This post ran on my Huffington Post blog.
This week, we learned of 23,000 people in England and Wales classified as having “Mixed Religion.” This news comes from the United Kingdom’s Office on National Statistics, which just released new numbers on religious identity from the 2011 government census. Most of the news reports have focused on the finding that from 2001 to 2011, the percentage of Christians in England and Wales fell from 72 percent to 59 percent. Meanwhile, the number claiming no religion almost doubled to 25 percent, paralleling the rise of the “religious nones” in the U.S. The numbers of Muslims grew most quickly, to almost 5 percent, and the percentage of Hindus, Sikhs and Pagans all increased as well.
But as someone who was born into an interfaith family and raised my children with two religions, my eye was drawn to the new evidence of people claiming more than one religion in their lives.
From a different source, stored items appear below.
lemma L2_on_inner_diff_le:
  assumes f: "L2_on S f" "L2_on S f0" and g: "L2_on S g" "L2_on S g0"
  shows "\<bar>(LINT x:S|lborel. f x * g x) - (LINT x:S|lborel. f0 x * g0 x)\<bar>
    \<le> sqrt (LINT x:S|lborel. (f x - f0 x)\<^sup>2) * sqrt (LINT x:S|lborel. (g x - g0 x)\<^sup>2)
      + sqrt (LINT x:S|lborel. (f x - f0 x)\<^sup>2) * sqrt (LINT x:S|lborel. (g0 x)\<^sup>2)
      + sqrt (LINT x:S|lborel. (f0 x)\<^sup>2) * sqrt (LINT x:S|lborel. (g x - g0 x)\<^sup>2)"
proof -
  have df: "L2_on S (\<lambda>x. f x - f0 x)" and dg: "L2_on S (\<lambda>x. g x - g0 x)"
    using f g by (auto intro: L2_on_diff)
  have i1: "set_integrable lborel S (\<lambda>x. (f x - f0 x) * (g x - g0 x))"
    and i2: "set_integrable lborel S (\<lambda>x. (f x - f0 x) * g0 x)"
    and i3: "set_integrable lborel S (\<lambda>x. f0 x * (g x - g0 x))"
    using df dg f g by (auto intro: L2_on_set_integrable_mult)
  have product_split: "f x * g x - f0 x * g0 x
      = ((f x - f0 x) * (g x - g0 x) + (f x - f0 x) * g0 x) + f0 x * (g x - g0 x)" for x
    by (simp add: algebra_simps)
  have "(LINT x:S|lborel. f x * g x) - (LINT x:S|lborel. f0 x * g0 x)
      = (LINT x:S|lborel. f x * g x - f0 x * g0 x)"
    using f g by (intro set_integral_diff(2)[symmetric] L2_on_set_integrable_mult)
  also have "\<dots> = (LINT x:S|lborel. ((f x - f0 x) * (g x - g0 x) + (f x - f0 x) * g0 x)
      + f0 x * (g x - g0 x))"
    by (simp only: product_split)
  also have "\<dots> = (LINT x:S|lborel. (f x - f0 x) * (g x - g0 x))
      + (LINT x:S|lborel. (f x - f0 x) * g0 x) + (LINT x:S|lborel. f0 x * (g x - g0 x))"
    by (subst set_integral_add(2)[OF set_integral_add(1)[OF i1 i2] i3],
        subst set_integral_add(2)[OF i1 i2]) (rule refl)
  finally have split: "(LINT x:S|lborel. f x * g x) - (LINT x:S|lborel. f0 x * g0 x)
      = (LINT x:S|lborel. (f x - f0 x) * (g x - g0 x))
      + (LINT x:S|lborel. (f x - f0 x) * g0 x) + (LINT x:S|lborel. f0 x * (g x - g0 x))" .
  have "\<bar>(LINT x:S|lborel. (f x - f0 x) * (g x - g0 x))
      + (LINT x:S|lborel. (f x - f0 x) * g0 x) + (LINT x:S|lborel. f0 x * (g x - g0 x))\<bar>
      \<le> \<bar>LINT x:S|lborel. (f x - f0 x) * (g x - g0 x)\<bar>
      + \<bar>LINT x:S|lborel. (f x - f0 x) * g0 x\<bar> + \<bar>LINT x:S|lborel. f0 x * (g x - g0 x)\<bar>"
    by (rule order_trans[OF abs_triangle_ineq add_right_mono[OF abs_triangle_ineq]])
  also have "\<dots> \<le> sqrt (LINT x:S|lborel. (f x - f0 x)\<^sup>2) * sqrt (LINT x:S|lborel. (g x - g0 x)\<^sup>2)
      + sqrt (LINT x:S|lborel. (f x - f0 x)\<^sup>2) * sqrt (LINT x:S|lborel. (g0 x)\<^sup>2)
      + sqrt (LINT x:S|lborel. (f0 x)\<^sup>2) * sqrt (LINT x:S|lborel. (g x - g0 x)\<^sup>2)"
    by (intro add_mono) (rule L2_on_Cauchy_Schwarz; fact)+
  finally show ?thesis by (simp only: split)
qed

lemma L2_on_inner_tendsto:
  fixes A B :: "'a \<Rightarrow> real \<Rightarrow> real"
  assumes ev: "eventually (\<lambda>s. L2_on S (A s) \<and> L2_on S (B s)) F"
    and A0: "L2_on S A0" and B0: "L2_on S B0"
    and lim_A: "((\<lambda>s. LINT x:S|lborel. (A s x - A0 x)\<^sup>2) \<longlongrightarrow> 0) F"
    and lim_B: "((\<lambda>s. LINT x:S|lborel. (B s x - B0 x)\<^sup>2) \<longlongrightarrow> 0) F"
  shows "((\<lambda>s. LINT x:S|lborel. A s x * B s x) \<longlongrightarrow> (LINT x:S|lborel. A0 x * B0 x)) F"
proof -
  define a where "a s = sqrt (LINT x:S|lborel. (A s x - A0 x)\<^sup>2)" for s
  define b where "b s = sqrt (LINT x:S|lborel. (B s x - B0 x)\<^sup>2)" for s
  define nA where "nA = sqrt (LINT x:S|lborel. (A0 x)\<^sup>2)"
  define nB where "nB = sqrt (LINT x:S|lborel. (B0 x)\<^sup>2)"
  have "(a \<longlongrightarrow> 0) F" unfolding a_def using tendsto_real_sqrt[OF lim_A] by simp
  moreover have "(b \<longlongrightarrow> 0) F" unfolding b_def using tendsto_real_sqrt[OF lim_B] by simp
  ultimately have "((\<lambda>s. a s * b s + a s * nB + nA * b s) \<longlongrightarrow> 0 * 0 + 0 * nB + nA * 0) F"
    by (intro tendsto_intros)
  then have bound_lim: "((\<lambda>s. a s * b s + a s * nB + nA * b s) \<longlongrightarrow> 0) F" by simp
  have "eventually (\<lambda>s. norm ((LINT x:S|lborel. A s x * B s x) - (LINT x:S|lborel. A0 x * B0 x))
      \<le> a s * b s + a s * nB + nA * b s) F"
    using ev
  proof eventually_elim
    case (elim s)
    then show ?case
      using L2_on_inner_diff_le[of S "A s" A0 "B s" B0] A0 B0
      unfolding a_def b_def nA_def nB_def real_norm_def by blast
  qed
  then have "((\<lambda>s. (LINT x:S|lborel. A s x * B s x) - (LINT x:S|lborel. A0 x * B0 x)) \<longlongrightarrow> 0) F"
    by (rule Lim_null_comparison) (rule bound_lim)
  then show ?thesis by (simp add: Lim_null[symmetric])
qed

lemma L2_on_inner_diff_quotient:
  assumes f: "L2_on S f" "L2_on S f0" and g: "L2_on S g" "L2_on S g0"
  shows "((LINT x:S|lborel. f x * g x) - (LINT x:S|lborel. f0 x * g0 x)) / d
    = (LINT x:S|lborel. ((f x - f0 x) / d) * g x) + (LINT x:S|lborel. f0 x * ((g x - g0 x) / d))"
proof -
  have i_f: "set_integrable lborel S (\<lambda>x. (f x - f0 x) * g x)"
    and i_g: "set_integrable lborel S (\<lambda>x. f0 x * (g x - g0 x))"
    using f g by (auto intro: L2_on_set_integrable_mult L2_on_diff)
  have split: "f x * g x - f0 x * g0 x = (f x - f0 x) * g x + f0 x * (g x - g0 x)" for x
    by (simp add: algebra_simps)
  have "(LINT x:S|lborel. f x * g x) - (LINT x:S|lborel. f0 x * g0 x)
      = (LINT x:S|lborel. f x * g x - f0 x * g0 x)"
    using f g by (intro set_integral_diff(2)[symmetric] L2_on_set_integrable_mult)
  also have "\<dots> = (LINT x:S|lborel. (f x - f0 x) * g x + f0 x * (g x - g0 x))"
    by (simp only: split)
  also have "\<dots> = (LINT x:S|lborel. (f x - f0 x) * g x) + (LINT x:S|lborel. f0 x * (g x - g0 x))"
    by (rule set_integral_add(2)[OF i_f i_g])
  finally have "((LINT x:S|lborel. f x * g x) - (LINT x:S|lborel. f0 x * g0 x)) / d
      = (LINT x:S|lborel. (f x - f0 x) * g x) / d + (LINT x:S|lborel. f0 x * (g x - g0 x)) / d"
    by (simp add: add_divide_distrib)
  also have "\<dots> = (LINT x:S|lborel. (f x - f0 x) * g x / d) + (LINT x:S|lborel. f0 x * (g x - g0 x) / d)"
    by (simp only: set_integral_divide_zero)
  finally show ?thesis by simp
qed

lemma L2_on_inner_has_field_derivative:
  fixes u w :: "real \<Rightarrow> real \<Rightarrow> real"
  assumes ev: "eventually (\<lambda>s. L2_on S (u s) \<and> L2_on S (w s)) (at r)"
    and L2: "L2_on S (u r)" "L2_on S (w r)" "L2_on S u'" "L2_on S w'"
    and du: "((\<lambda>s. LINT x:S|lborel. ((u s x - u r x) / (s - r) - u' x)\<^sup>2) \<longlongrightarrow> 0) (at r)"
    and dw: "((\<lambda>s. LINT x:S|lborel. ((w s x - w r x) / (s - r) - w' x)\<^sup>2) \<longlongrightarrow> 0) (at r)"
    and cw: "((\<lambda>s. LINT x:S|lborel. (w s x - w r x)\<^sup>2) \<longlongrightarrow> 0) (at r)"
  shows "((\<lambda>s. LINT x:S|lborel. u s x * w s x) has_field_derivative
      (LINT x:S|lborel. u' x * w r x) + (LINT x:S|lborel. u r x * w' x)) (at r)"
proof -
  define p where "p s = (LINT x:S|lborel. u s x * w s x)" for s
  have "((\<lambda>s. (LINT x:S|lborel. ((u s x - u r x) / (s - r)) * w s x)
      + (LINT x:S|lborel. u r x * ((w s x - w r x) / (s - r))))
      \<longlongrightarrow> (LINT x:S|lborel. u' x * w r x) + (LINT x:S|lborel. u r x * w' x)) (at r)"
  proof (intro tendsto_add L2_on_inner_tendsto)
    show "eventually (\<lambda>s. L2_on S (\<lambda>x. (u s x - u r x) / (s - r)) \<and> L2_on S (w s)) (at r)"
      using ev by eventually_elim (use L2 in \<open>auto intro: L2_on_diff_quotient\<close>)
    show "eventually (\<lambda>s. L2_on S (u r) \<and> L2_on S (\<lambda>x. (w s x - w r x) / (s - r))) (at r)"
      using ev by eventually_elim (use L2 in \<open>auto intro: L2_on_diff_quotient\<close>)
  qed (use L2 du dw cw in simp_all)
  moreover have "eventually (\<lambda>s. (LINT x:S|lborel. ((u s x - u r x) / (s - r)) * w s x)
      + (LINT x:S|lborel. u r x * ((w s x - w r x) / (s - r))) = (p s - p r) / (s - r)) (at r)"
    using ev by eventually_elim (use L2 in \<open>simp add: p_def L2_on_inner_diff_quotient\<close>)
  ultimately have "((\<lambda>s. (p s - p r) / (s - r)) \<longlongrightarrow>
      (LINT x:S|lborel. u' x * w r x) + (LINT x:S|lborel. u r x * w' x)) (at r)"
    by (rule Lim_transform_eventually)
  then show ?thesis unfolding p_def by (simp add: has_field_derivative_iff)
qed

lemma square_integral_eq_0_if_L2_limit_of_null:
  assumes "L2_on S f" "\<And>n. L2_on S (g n)" "\<And>n. (LINT x:S|lborel. (g n x)\<^sup>2) = 0"
    and lim: "(\<lambda>n. LINT x:S|lborel. (g n x - f x)\<^sup>2) \<longlonglongrightarrow> 0"
  shows "(LINT x:S|lborel. (f x)\<^sup>2) = 0"
proof -
  have "(LINT x:S|lborel. (f x)\<^sup>2) \<le> 2 * (LINT x:S|lborel. (g n x - f x)\<^sup>2)" for n
  proof -
    have "(LINT x:S|lborel. ((f x - g n x) + g n x)\<^sup>2)
        \<le> 2 * (LINT x:S|lborel. (f x - g n x)\<^sup>2) + 2 * (LINT x:S|lborel. (g n x)\<^sup>2)"
      using assms(1,2) by (intro L2_on_square_add_le L2_on_diff)
    then show ?thesis using assms(3)[of n] by (simp add: power2_commute)
  qed
  then have "(LINT x:S|lborel. (f x)\<^sup>2) \<le> 2 * 0"
    by (intro tendsto_le[OF trivial_limit_sequentially tendsto_mult[OF tendsto_const lim] tendsto_const])
       simp
  then show ?thesis using set_integral_square_nonneg[of S f] by simp
qed

lemma set_integral_cong_AE_subset:
  assumes "L2_on S f" "L2_on S g" "A \<subseteq> S" "A \<in> sets lborel"
    and "AE x in lborel. x \<in> S \<longrightarrow> f x = g x"
  shows "(LINT x:A|lborel. f x) = (LINT x:A|lborel. g x)"
  unfolding set_lebesgue_integral_def
proof (rule integral_cong_AE)
  show "(\<lambda>x. indicator A x *\<^sub>R f x) \<in> borel_measurable lborel"
    using L2_on_D(1)[OF L2_on_subset[OF assms(1,3,4)]] by simp
  show "(\<lambda>x. indicator A x *\<^sub>R g x) \<in> borel_measurable lborel"
    using L2_on_D(1)[OF L2_on_subset[OF assms(2,3,4)]] by simp
  show "AE x in lborel. indicator A x *\<^sub>R f x = indicator A x *\<^sub>R g x"
    using assms(5) by eventually_elim (use assms(3) in \<open>auto simp: indicator_def\<close>)
qed

lemma L2_diff_quotient_reflect:
  fixes u :: "real \<Rightarrow> real \<Rightarrow> real"
  assumes "((\<lambda>s. LINT x:S|lborel. ((u s x - u (c - r) x) / (s - (c - r)) - v x)\<^sup>2) \<longlongrightarrow> 0) (at (c - r))"
  shows "((\<lambda>s. LINT x:S|lborel. ((u (c - s) x - u (c - r) x) / (s - r) - - v x)\<^sup>2) \<longlongrightarrow> 0) (at r)"
proof -
  have eq: "((u (c - s) x - u (c - r) x) / (s - r) - - v x)\<^sup>2
      = ((u (c - s) x - u (c - r) x) / ((c - s) - (c - r)) - v x)\<^sup>2" for s x
  proof -
    have "(u (c - s) x - u (c - r) x) / ((c - s) - (c - r)) = - ((u (c - s) x - u (c - r) x) / (s - r))"
      by (simp add: divide_minus_right[symmetric])
    then show ?thesis by (simp add: power2_eq_square algebra_simps)
  qed
  have "filterlim (\<lambda>s. c - s) (at (c - r)) (at r)"
    using filterlim_diff_left_at_within[of UNIV c UNIV r] by simp
  then show ?thesis unfolding eq by (rule filterlim_compose[OF assms])
qed

section \<open>The domain of the generator\<close>

text \<open>For f in D(A) with (x f')' = h, we call x f'(x) the flux of f.\<close>

lemma domA_D:
  assumes "domA l f h"
  shows "L2_on {0<..<l} f" "L2_on {0<..<l} h"
    "\<And>x. 0 < x \<Longrightarrow> x < l \<Longrightarrow> f differentiable (at x)"
    "continuous (at_left l) f" "f l = 0"
    "set_integrable lborel {0<..<l} (\<lambda>x. x * (deriv f x)\<^sup>2)"
    "L2_on {0<..<l} (\<lambda>x. x * deriv f x)"
    "\<And>x y. 0 < x \<Longrightarrow> x \<le> y \<Longrightarrow> y < l \<Longrightarrow>
        y * deriv f y - x * deriv f x = (LINT s:{x..y}|lborel. h s)"
  using assms unfolding domA_def L2_iff_L2_on by auto

lemma domA_tendsto_0_at_left:
  assumes "domA l f h"
  shows "(f \<longlongrightarrow> 0) (at_left l)"
  using domA_D(4,5)[OF assms] by (simp add: continuous_within)

lemma domA_has_real_derivative:
  assumes "domA l f h" "0 < x" "x < l"
  shows "(f has_real_derivative deriv f x) (at x)"
  using domA_D(3)[OF assms] by (simp add: DERIV_deriv_iff_real_differentiable)

lemma domA_deriv_borel_measurable:
  assumes "domA l f h" "0 < a" "b < l"
  shows "(\<lambda>x. indicator {a..b} x * deriv f x) \<in> borel_measurable lborel"
proof -
  have eq: "indicator {a..b} x * deriv f x
      = indicator {a..b} x * (1 / x) * (indicator {0<..<l} x * (x * deriv f x))" for x
    using assms by (auto simp: indicator_def)
  show ?thesis
    unfolding eq using L2_on_D(1)[OF domA_D(7)[OF assms(1)]] by measurable
qed

lemma domA_set_integrable_deriv:
  assumes "domA l f h" "0 < a" "b < l"
  shows "set_integrable lborel {a..b} (\<lambda>x. (x * (deriv f x)\<^sup>2 + 1 / x) / 2)"
    and "set_integrable lborel {a..b} (deriv f)"
    and "set_integrable lborel {a..b} (\<lambda>x. \<bar>deriv f x\<bar>)"
proof -
  have "set_integrable lborel {a..b} (\<lambda>x. x * (deriv f x)\<^sup>2)"
    by (rule set_integrable_subset[OF domA_D(6)[OF assms(1)]]) (use assms in auto)
  then show bound: "set_integrable lborel {a..b} (\<lambda>x. (x * (deriv f x)\<^sup>2 + 1 / x) / 2)"
    using set_integrable_inverse_Icc[OF assms(2)] by (intro set_integrable_divide set_integral_add)
  show "set_integrable lborel {a..b} (deriv f)"
    unfolding set_integrable_def
  proof (rule Bochner_Integration.integrable_bound)
    show "integrable lborel (\<lambda>x. indicator {a..b} x *\<^sub>R ((x * (deriv f x)\<^sup>2 + 1 / x) / 2))"
      using bound unfolding set_integrable_def .
    show "(\<lambda>x. indicator {a..b} x *\<^sub>R deriv f x) \<in> borel_measurable lborel"
      using domA_deriv_borel_measurable[OF assms] by simp
    have "\<bar>indicator {a..b} x * deriv f x\<bar>
        \<le> \<bar>indicator {a..b} x * ((x * (deriv f x)\<^sup>2 + 1 / x) / 2)\<bar>" for x
      using assms(2) abs_le_AM_GM_inverse[of x "deriv f x"] by (auto simp: indicator_def)
    then show "AE x in lborel. norm (indicator {a..b} x *\<^sub>R deriv f x)
        \<le> norm (indicator {a..b} x *\<^sub>R ((x * (deriv f x)\<^sup>2 + 1 / x) / 2))"
      by (intro AE_I2) simp
  qed
  then show "set_integrable lborel {a..b} (\<lambda>x. \<bar>deriv f x\<bar>)"
    by (rule set_integrable_abs)
qed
Who are these “Mixed Religion” folks? How many of them are born Christians or Jews who find Paganism or Buddhism equally compelling? How many of them are in long-term relationships and find themselves practicing their spouse or partner’s religion as well as their own? And how many of them are adults raised with more than one religion in interfaith families?
Here in the United States, the government’s Bureau of the Census collected information on identity from religious organizations from 1906 to 1936, but then stopped. As a matter of separation of church and state, I understand that we do not want to ask about religious identity on the Census. The question about religion was added to the U.K. Census in 2001. Answering the religion question on the Census is optional, but only about 7 percent declined to answer.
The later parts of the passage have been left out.